# How do you visit the forum?



## Texatdurango (Sep 26, 2007)

Jeff started showing some past "Featured Photos" in the SOYP forum.  These photos are displayed on the Home page and rotated frequently.

This got me to thinking about how often I visit the home page and am curious as to how often others visit it as well.

I have a bookmark on my internet browser that logs me on and takes me directly to the "Active Topics" and I seldom see anything on the Home page.  Honestly, I have probably only clicked on the home page a handful of times since joining the forum five months ago.

So, I'm curious to see how others visit the forum and how they utilize the site.  Please participate since this might just give Jeff some insight as to how the website is utilized.

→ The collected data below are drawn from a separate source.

lemma dict_combs_near_poly_net:
  assumes "0 < \<eta>" "\<eta> < 1" "0 < N" "h \<in> dict_combs \<eta>"
  shows "\<exists>c\<in>poly_net \<eta> N t. \<forall>x\<in>{\<eta>..1}.
    \<bar>h x - c x\<bar> \<le> dict_ratio \<eta> ^ t / (1 - dict_ratio \<eta>) + t / N"
proof -
  obtain a where a: "\<forall>k. \<bar>a k\<bar> \<le> 1"
    and ha: "\<forall>x\<in>{\<eta>..1}. \<bar>h x - (\<Sum>k<t. a k * tau \<eta> x ^ k)\<bar> \<le> dict_ratio \<eta> ^ t / (1 - dict_ratio \<eta>)"
    using dict_combs_poly_approx[OF assms(1,2,4)] by blast
  define j where "j = restrict (\<lambda>k. \<lfloor>a k * real N\<rfloor>) {..<t}"
  define c where "c x = (\<Sum>k<t. of_int (j k) / N * tau \<eta> x ^ k)" for x
  have "j \<in> PiE {..<t} (\<lambda>_. {- int N..int N})"
    unfolding j_def using a floor_mult_in_range by (simp only: restrict_PiE_iff) blast
  then have "c \<in> poly_net \<eta> N t"
    unfolding poly_net_def c_def[abs_def] by (rule imageI)
  moreover have "\<bar>h x - c x\<bar> \<le> dict_ratio \<eta> ^ t / (1 - dict_ratio \<eta>) + t / N" if x: "x \<in> {\<eta>..1}" for x
  proof -
    have "c x = (\<Sum>k<t. of_int \<lfloor>a k * N\<rfloor> / N * tau \<eta> x ^ k)"
      unfolding c_def j_def by simp
    then have "\<bar>(\<Sum>k<t. a k * tau \<eta> x ^ k) - c x\<bar> \<le> t / N"
      using abs_poly_sub_quantized_le[of N "tau \<eta> x"] assms(3) abs_tau_le_1[OF assms(2) x] by simp
    then show ?thesis
      using ha x by fastforce
  qed
  ultimately show ?thesis
    by blast
qed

So, which category do you fall into...


----------



## GaryMGg (Sep 26, 2007)

I visit the home page before going to the forums. I also go to the Photos link and see what's been uploaded. I probably do that about once a week. Lots of interesting stuff is uploaded in people's albums that they don't post in SYOP or other places.


----------



## les-smith (Sep 26, 2007)

I go to the home page everytime.  I look at the photos, then I scroll through the "From Our Discussions" box.  When I'm done there I click on the "More" button at the top of the "From Our Discussions" box and scroll through that page.  Then I got to the classifieds/trade/group buy forums and look through them.  Then I just float around all the other forums until my boss catches me and says to get off the computer.[]


----------



## beamer (Sep 26, 2007)

Active topics is bookmarked for me ... i might see the home page every few months, if that.


----------



## alamocdc (Sep 26, 2007)

George, I don't know aobut anyone else, but I visit the forum using the internet. [}][]


----------



## Chuck Key (Sep 26, 2007)

Second selection and frequently use the RSS feed for photos.

Chuckie


----------



## Fred (Sep 26, 2007)

I log onto the Internet and the Home Page automatically opens. I take over from there and read everything posted since the day before. []


----------